Today I'm using VMware on Windows and macOS but I am trying to fix file transfer speeds between the guest and the host. VMware supports native shares between the guest and the host and I get 630-840 MBps but it doesn't support it for Windows 11 ARM and the general solution is SMB which runs at up to about 120 MBps. I have been generally using an external flash drive or SSD on macOS but it sometimes works and sometimes doesn't and I have to find the physical drive and attach it and sometimes have to use a dongle.

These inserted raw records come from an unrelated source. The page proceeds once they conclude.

(* Let $f(m_\ell, m_s)$ be any function with $f(m_\ell,m_s) = o(m_\ell + m_s)$. Then for all sufficiently large $m_\ell m_s$, on the $m_\ell \times m_s$ grid $G$ (with $m_\ell \ge m_s \ge 2$), the fraction of instances $(G, X_I, X_G)$ (over all pairs of configurations with all vertices occupied) whose minimum makespan is at most $f(m_\ell, m_s)$ is at most $(1/2)^{m_\ell/4}$.
   Context: The $m_\ell \times m_s$ grid graph has vertex set $\{1,\dots,m_\ell\}\times\{1,\dots,m_s\}$ with edges between vertices at $\ell_1$-distance 1. A configuration is a bijection from robot labels $\{1,\dots,m_\ell m_s\}$ to the vertex set. A move sequence proceeds in synchronous steps: each robot stays put or moves to an adjacent vertex, with no two robots at the same vertex afterwards and no two robots traversing the same edge in opposite directions. The minimum makespan of $(G,X_I,X_G)$ is the least number of steps of such a sequence taking $X_I$ to $X_G$. *)

theory Defs
  imports Complex_Main "HOL-Library.FuncSet"
begin

definition grid_vertices :: "nat \<Rightarrow> nat \<Rightarrow> (nat \<times> nat) set" where
  "grid_vertices ml ms = {1..ml} \<times> {1..ms}"

definition grid_adj :: "nat \<times> nat \<Rightarrow> nat \<times> nat \<Rightarrow> bool" where
  "grid_adj u v \<longleftrightarrow>
     \<bar>int (fst u) - int (fst v)\<bar> + \<bar>int (snd u) - int (snd v)\<bar> = 1"

text \<open>Configurations: bijections from robot labels 1..ml*ms onto the vertex set
  (extensional outside the label set, so that the set of configurations is finite).\<close>
definition configs :: "nat \<Rightarrow> nat \<Rightarrow> (nat \<Rightarrow> nat \<times> nat) set" where
  "configs ml ms = {X. X \<in> extensional {1..ml*ms} \<and> bij_betw X {1..ml*ms} (grid_vertices ml ms)}"

text \<open>One synchronous step: every robot stays or moves to an adjacent vertex,
  no two robots end at the same vertex, and no two robots swap along an edge.\<close>
definition valid_step :: "nat \<Rightarrow> nat \<Rightarrow> (nat \<Rightarrow> nat \<times> nat) \<Rightarrow> (nat \<Rightarrow> nat \<times> nat) \<Rightarrow> bool" where
  "valid_step ml ms X Y \<longleftrightarrow>
     X \<in> configs ml ms \<and> Y \<in> configs ml ms \<and>
     (\<forall>r\<in>{1..ml*ms}. Y r = X r \<or> grid_adj (X r) (Y r)) \<and>
     inj_on Y {1..ml*ms} \<and>
     (\<forall>r\<in>{1..ml*ms}. \<forall>r'\<in>{1..ml*ms}. r \<noteq> r' \<and> Y r = X r' \<longrightarrow> Y r' \<noteq> X r)"

definition makespan_at_most :: "nat \<Rightarrow> nat \<Rightarrow> (nat \<Rightarrow> nat \<times> nat) \<Rightarrow> (nat \<Rightarrow> nat \<times> nat) \<Rightarrow> real \<Rightarrow> bool" where
  "makespan_at_most ml ms XI XG t \<longleftrightarrow> (\<exists>k::nat. real k \<le> t \<and> (valid_step ml ms ^^ k) XI XG)"

end

theory Submission
  imports Defs "HOL-Combinatorics.Permutations"
begin

text \<open>In \<open>T\<close> steps every robot moves at most \<open>l\<^sub>1\<close>-distance \<open>T\<close>, so once \<open>X\<^sub>I\<close> is fixed,
  each robot has at most \<open>(2T+1) m\<^sub>s\<close> possible final positions (a band of \<open>2T+1\<close> rows)
  and at most \<open>((2T+1) m\<^sub>s)\<^sup>n\<close> goal configurations are reachable, where \<open>n = m\<^sub>\<ell> m\<^sub>s\<close>.
  There are \<open>n! \<ge> (n/3)\<^sup>n\<close> goal configurations in total, so the fraction of reachable pairs is
  at most \<open>(3(2T+1)m\<^sub>s/n)\<^sup>n = (3(2T+1)/m\<^sub>\<ell>)\<^sup>n\<close>, which is at most \<open>2\<^sup>-\<^sup>n\<close> once \<open>T = o(m\<^sub>\<ell>)\<close>.\<close>

lemma power_div_fact_le_exp:
  fixes x :: real
  assumes "x \<ge> 0"
  shows "x ^ n / fact n \<le> exp x"
proof -
  have "x ^ n / fact n = (\<Sum>k\<in>{n}. x ^ k / fact k)" by simp
  also have "\<dots> \<le> (\<Sum>k. x ^ k / fact k)"
    by (rule sum_le_suminf) (use summable_exp[of x] assms in \<open>auto simp: divide_inverse ac_simps\<close>)
  also have "\<dots> = exp x" by (simp add: exp_def divide_inverse ac_simps)
  finally show ?thesis .
qed

lemma power_div_3_le_fact: "(real n / 3) ^ n \<le> fact n"
proof -
  have "real n ^ n / fact n \<le> exp (real n)" by (rule power_div_fact_le_exp) simp
  also have "exp (real n) = exp 1 ^ n" using exp_of_nat_mult[of n 1] by simp
  also have "\<dots> \<le> 3 ^ n" using exp_le by (intro power_mono) auto
  finally have "real n ^ n \<le> 3 ^ n * fact n" by (simp add: divide_le_eq)
  then show ?thesis by (simp add: power_divide divide_le_eq mult.commute)
qed

lemma power_div_fact_le_half_power:
  assumes "6 * a \<le> n"
  shows "real a ^ n / fact n \<le> (1/2) ^ n"
proof -
  have "(2 * real a) ^ n \<le> (real n / 3) ^ n" using assms by (intro power_mono) auto
  also have "\<dots> \<le> fact n" by (rule power_div_3_le_fact)
  finally show ?thesis by (simp add: divide_le_eq power_divide power_mult_distrib field_simps)
qed

definition grid_dist :: "nat \<times> nat \<Rightarrow> nat \<times> nat \<Rightarrow> int" where
  "grid_dist u v = \<bar>int (fst u) - int (fst v)\<bar> + \<bar>int (snd u) - int (snd v)\<bar>"

lemma grid_dist_triangle: "grid_dist u w \<le> grid_dist u v + grid_dist v w"
  unfolding grid_dist_def by arith

lemma grid_dist_le_1_if_stay_or_adj: "v = u \<or> grid_adj u v \<Longrightarrow> grid_dist u v \<le> 1"
  by (auto simp: grid_dist_def grid_adj_def)

lemma valid_steps_configs_dist:
  assumes "(valid_step ml ms ^^ k) X Y" and "X \<in> configs ml ms"
  shows "Y \<in> configs ml ms \<and> (\<forall>r\<in>{1..ml*ms}. grid_dist (X r) (Y r) \<le> int k)"
  using assms(1)
proof (induction k arbitrary: Y)
  case 0
  then show ?case using assms(2) by (simp add: grid_dist_def)
next
  case (Suc k)
  from Suc.prems obtain Z where Z: "(valid_step ml ms ^^ k) X Z" and step: "valid_step ml ms Z Y"
    by (rule relpowp_Suc_E)
  have "grid_dist (X r) (Y r) \<le> int (Suc k)" if r: "r \<in> {1..ml*ms}" for r
  proof -
    have "grid_dist (X r) (Z r) \<le> int k" using Suc.IH[OF Z] r by blast
    moreover have "grid_dist (Z r) (Y r) \<le> 1"
      using step r by (intro grid_dist_le_1_if_stay_or_adj) (auto simp: valid_step_def)
    ultimately show ?thesis using grid_dist_triangle[of "X r" "Y r" "Z r"] by linarith
  qed
  moreover have "Y \<in> configs ml ms" using step by (simp add: valid_step_def)
  ultimately show ?case by blast
qed

lemma extensional_bij_betw_subset_PiE: "{X \<in> extensional A. bij_betw X A B} \<subseteq> PiE A (\<lambda>_. B)"
  by (auto simp: PiE_iff extensional_def intro: bij_betw_apply)

lemma configs_subset_PiE: "configs ml ms \<subseteq> PiE {1..ml*ms} (\<lambda>_. grid_vertices ml ms)"
  unfolding configs_def by (rule extensional_bij_betw_subset_PiE)

lemma finite_configs: "finite (configs ml ms)"
  by (rule finite_subset[OF configs_subset_PiE]) (auto simp: grid_vertices_def intro!: finite_PiE)

lemma fact_le_card_extensional_bij_betw:
  assumes "finite A" "finite B" "card A = card B"
  shows "fact (card A) \<le> card {X \<in> extensional A. bij_betw X A B}"
proof -
  obtain g where g: "bij_betw g A B" using finite_same_card_bij[OF assms] by blast
  let ?h = "\<lambda>p. restrict (g \<circ> p) A"
  have "inj_on ?h {p. p permutes A}"
  proof (rule inj_onI)
    fix p q assume p: "p \<in> {p. p permutes A}" and q: "q \<in> {p. p permutes A}"
      and eq: "?h p = ?h q"
    have "p x = q x" for x
    proof (cases "x \<in> A")
      case True
      then have "g (p x) = g (q x)" using fun_cong[OF eq, of x] by simp
      moreover have "p x \<in> A" "q x \<in> A" using p q True by (auto simp: permutes_in_image)
      ultimately show ?thesis using g by (meson bij_betw_def inj_onD)
    next
      case False
      then show ?thesis using p q by (metis mem_Collect_eq permutes_not_in)
    qed
    then show "p = q" by blast
  qed
  moreover have "?h ` {p. p permutes A} \<subseteq> {X \<in> extensional A. bij_betw X A B}"
  proof (intro image_subsetI CollectI conjI)
    fix p assume "p \<in> {p. p permutes A}"
    then have "bij_betw (g \<circ> p) A B" using g by (blast intro: bij_betw_trans permutes_imp_bij)
    moreover have "bij_betw (?h p) A B \<longleftrightarrow> bij_betw (g \<circ> p) A B" by (rule bij_betw_cong) simp
    ultimately show "bij_betw (?h p) A B" by blast
  qed simp
  moreover have "finite {X \<in> extensional A. bij_betw X A B}"
    using extensional_bij_betw_subset_PiE by (rule finite_subset) (simp add: assms finite_PiE)
  ultimately have "card {p. p permutes A} \<le> card {X \<in> extensional A. bij_betw X A B}"
    by (rule card_inj_on_le)
  then show ?thesis using card_permutations[OF refl assms(1)] by simp
qed

lemma fact_le_card_configs: "fact (ml*ms) \<le> card (configs ml ms)"
  using fact_le_card_extensional_bij_betw[of "{1..ml*ms}" "grid_vertices ml ms"]
  by (simp add: configs_def grid_vertices_def card_cartesian_product)

text \<open>Contains every configuration reachable from \<open>X\<close> in \<open>T\<close> steps. When \<open>T > fst (X r)\<close>
  the truncated subtraction starts the band at row 0, which only enlarges it.\<close>
definition band_maps :: "nat \<Rightarrow> nat \<Rightarrow> nat \<Rightarrow> (nat \<Rightarrow> nat \<times> nat) \<Rightarrow> (nat \<Rightarrow> nat \<times> nat) set" where
  "band_maps ml ms T X = PiE {1..ml*ms} (\<lambda>r. {fst (X r) - T..fst (X r) + T} \<times> {1..ms})"

lemma finite_band_maps: "finite (band_maps ml ms T X)"
  by (auto simp: band_maps_def intro!: finite_PiE)

lemma card_band_maps_le: "card (band_maps ml ms T X) \<le> ((2*T + 1) * ms) ^ (ml*ms)"
proof -
  have "card ({a - T..a + T} \<times> {1..ms}) \<le> (2*T + 1) * ms" for a
  proof -
    have "Suc (a + T) - (a - T) \<le> 2*T + 1" by arith
    then have "(Suc (a + T) - (a - T)) * ms \<le> (2*T + 1) * ms" by (rule mult_right_mono) simp
    then show ?thesis by (simp add: card_cartesian_product)
  qed
  then have "(\<Prod>r\<in>{1..ml*ms}. card ({fst (X r) - T..fst (X r) + T} \<times> {1..ms}))
      \<le> (\<Prod>r\<in>{1..ml*ms}. (2*T + 1) * ms)"
    by (intro prod_mono) simp
  then show ?thesis by (simp add: band_maps_def card_PiE)
qed

lemma band_maps_if_grid_dist_le:
  assumes "Y \<in> PiE {1..ml*ms} (\<lambda>_. grid_vertices ml ms)"
    and "\<forall>r\<in>{1..ml*ms}. grid_dist (X r) (Y r) \<le> int T"
  shows "Y \<in> band_maps ml ms T X"
  using assms by (fastforce simp: band_maps_def PiE_iff grid_vertices_def grid_dist_def mem_Times_iff)

lemma makespan_at_most_imp_band_maps:
  assumes "XI \<in> configs ml ms" and "makespan_at_most ml ms XI XG t"
  shows "XG \<in> configs ml ms \<inter> band_maps ml ms (nat \<lfloor>t\<rfloor>) XI"
proof -
  obtain k where k: "real k \<le> t" and steps: "(valid_step ml ms ^^ k) XI XG"
    using assms(2) by (auto simp: makespan_at_most_def)
  have "int k \<le> int (nat \<lfloor>t\<rfloor>)" using k by linarith
  then have XG: "XG \<in> configs ml ms"
    "\<forall>r\<in>{1..ml*ms}. grid_dist (XI r) (XG r) \<le> int (nat \<lfloor>t\<rfloor>)"
    using valid_steps_configs_dist[OF steps assms(1)] by auto
  have "XG \<in> PiE {1..ml*ms} (\<lambda>_. grid_vertices ml ms)" using XG(1) configs_subset_PiE by blast
  with XG show ?thesis by (simp add: band_maps_if_grid_dist_le)
qed

lemma card_short_makespan_pairs_le:
  "card {(XI, XG). XI \<in> configs ml ms \<and> XG \<in> configs ml ms \<and> makespan_at_most ml ms XI XG t}
     \<le> card (configs ml ms) * ((2 * nat \<lfloor>t\<rfloor> + 1) * ms) ^ (ml*ms)"
proof -
  let ?B = "band_maps ml ms (nat \<lfloor>t\<rfloor>)"
  have "card {(XI, XG). XI \<in> configs ml ms \<and> XG \<in> configs ml ms \<and> makespan_at_most ml ms XI XG t}
        \<le> card (Sigma (configs ml ms) ?B)"
    using makespan_at_most_imp_band_maps
    by (intro card_mono) (auto simp: finite_configs finite_band_maps)
  also have "\<dots> = (\<Sum>X\<in>configs ml ms. card (?B X))"
    by (simp add: card_SigmaI finite_configs finite_band_maps)
  also have "\<dots> \<le> (\<Sum>X\<in>configs ml ms. ((2 * nat \<lfloor>t\<rfloor> + 1) * ms) ^ (ml*ms))"
    by (rule sum_mono) (rule card_band_maps_le)
  also have "\<dots> = card (configs ml ms) * ((2 * nat \<lfloor>t\<rfloor> + 1) * ms) ^ (ml*ms)" by simp
  finally show ?thesis .
qed

lemma short_makespan_fraction_le:
  "real (card {(XI, XG). XI \<in> configs ml ms \<and> XG \<in> configs ml ms \<and> makespan_at_most ml ms XI XG t})
     / real (card (configs ml ms \<times> configs ml ms))
   \<le> real ((2 * nat \<lfloor>t\<rfloor> + 1) * ms) ^ (ml*ms) / fact (ml*ms)"
proof -
  let ?C = "real (card (configs ml ms))" and ?M = "real ((2 * nat \<lfloor>t\<rfloor> + 1) * ms) ^ (ml*ms)"
  have fact_le_C: "fact (ml*ms) \<le> ?C"
    using fact_le_card_configs by (metis of_nat_fact of_nat_le_iff)
  then have C_pos: "0 < ?C" by (meson fact_gt_zero less_le_trans)
  have "real (card {(XI, XG). XI \<in> configs ml ms \<and> XG \<in> configs ml ms \<and> makespan_at_most ml ms XI XG t})
        \<le> ?C * ?M"
    unfolding of_nat_power[symmetric] of_nat_mult[symmetric] of_nat_le_iff
    by (rule card_short_makespan_pairs_le)
  then have "real (card {(XI, XG). XI \<in> configs ml ms \<and> XG \<in> configs ml ms \<and> makespan_at_most ml ms XI XG t})
        / real (card (configs ml ms \<times> configs ml ms)) \<le> ?C * ?M / (?C * ?C)"
    unfolding card_cartesian_product of_nat_mult[of "card (configs ml ms)"]
    by (rule divide_right_mono) simp
  also have "\<dots> = ?M / ?C" using C_pos by simp
  also have "\<dots> \<le> ?M / fact (ml*ms)" using fact_le_C C_pos by (intro divide_left_mono) simp_all
  finally show ?thesis .
qed

theorem lemma5:
  fixes f :: "nat \<Rightarrow> nat \<Rightarrow> real"
  assumes f_small_o: "\<forall>\<epsilon>>0. \<exists>K. \<forall>ml ms. ml \<ge> ms \<and> ms \<ge> 2 \<and> ml + ms \<ge> K \<longrightarrow>
                     \<bar>f ml ms\<bar> \<le> \<epsilon> * real (ml + ms)"
  shows "\<exists>N. \<forall>ml ms. ml \<ge> ms \<and> ms \<ge> 2 \<and> ml * ms \<ge> N \<longrightarrow>
           real (card {(XI, XG). XI \<in> configs ml ms \<and> XG \<in> configs ml ms \<and>
                                 makespan_at_most ml ms XI XG (f ml ms)})
           / real (card (configs ml ms \<times> configs ml ms))
           \<le> (1/2) powr (real ml / 4)"
proof -
  obtain K where K: "\<forall>ml ms. ml \<ge> ms \<and> ms \<ge> 2 \<and> ml + ms \<ge> K \<longrightarrow>
                     \<bar>f ml ms\<bar> \<le> 1/48 * real (ml + ms)"
    using f_small_o by (meson divide_pos_pos zero_less_numeral zero_less_one)
  show ?thesis
  proof (intro exI allI impI)
    fix ml ms :: nat
    assume A: "ms \<le> ml \<and> 2 \<le> ms \<and> (K + 12)\<^sup>2 \<le> ml * ms"
    then have "(K + 12)\<^sup>2 \<le> ml\<^sup>2" by (metis le_trans mult_le_mono2 power2_eq_square)
    then have ml_large: "K + 12 \<le> ml" by (rule power2_le_imp_le) simp
    let ?T = "nat \<lfloor>f ml ms\<rfloor>"
    \<comment> \<open>\<open>\<epsilon> = 1/48\<close> gives \<open>12T + 6 \<le> m\<^sub>\<ell>/2 + 6 \<le> m\<^sub>\<ell>\<close>, as \<open>m\<^sub>\<ell> \<ge> 12\<close>.\<close>
    have "real ?T \<le> \<bar>f ml ms\<bar>" by (cases "f ml ms < 0") auto
    also have "\<dots> \<le> 1/48 * real (ml + ms)" using K A ml_large by simp
    finally have "6 * (2 * ?T + 1) \<le> ml" using A ml_large by simp
    then have "6 * ((2 * ?T + 1) * ms) \<le> ml * ms" by (metis mult.assoc mult_le_mono1)
    then have "real ((2 * ?T + 1) * ms) ^ (ml*ms) / fact (ml*ms) \<le> (1/2) ^ (ml*ms)"
      by (rule power_div_fact_le_half_power)
    also have "\<dots> = (1/2) powr real (ml*ms)" by (rule powr_realpow[symmetric]) simp
    also have "\<dots> \<le> (1/2) powr (real ml / 4)" using A by (intro powr_mono') auto
    finally show "real (card {(XI, XG). XI \<in> configs ml ms \<and> XG \<in> configs ml ms \<and>
                                 makespan_at_most ml ms XI XG (f ml ms)})
           / real (card (configs ml ms \<times> configs ml ms)) \<le> (1/2) powr (real ml / 4)"
      using short_makespan_fraction_le order_trans by blast
  qed
qed

end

I initially started out with UTM which had no graphics support and poor file share speeds but UTM has upped its game and has reportedly 3,000 - 5,000 MBps on Apple Silicon. Definitely something I want to try out. It means installing UTM and doing a Windows 11 ARM installation and things have changed in Windows. I used to have Windows 11 VM installations down pat but I think that they changed things with trying to avoid a Windows account so I have to figure out how to get around that unless I can export one of my current Windows 11 ARM virtual machines to UTM from VMware.

This is one of those times when it's nice to have Windows and macOS as one may be better than the other. I like having been able to get the lay of the land in transfer speeds between the operating system. UTM sounds great for transfer speed but poor for graphical applications.

Parallels is the best of both worlds but I'm not going with a subscription for this when I have other good options.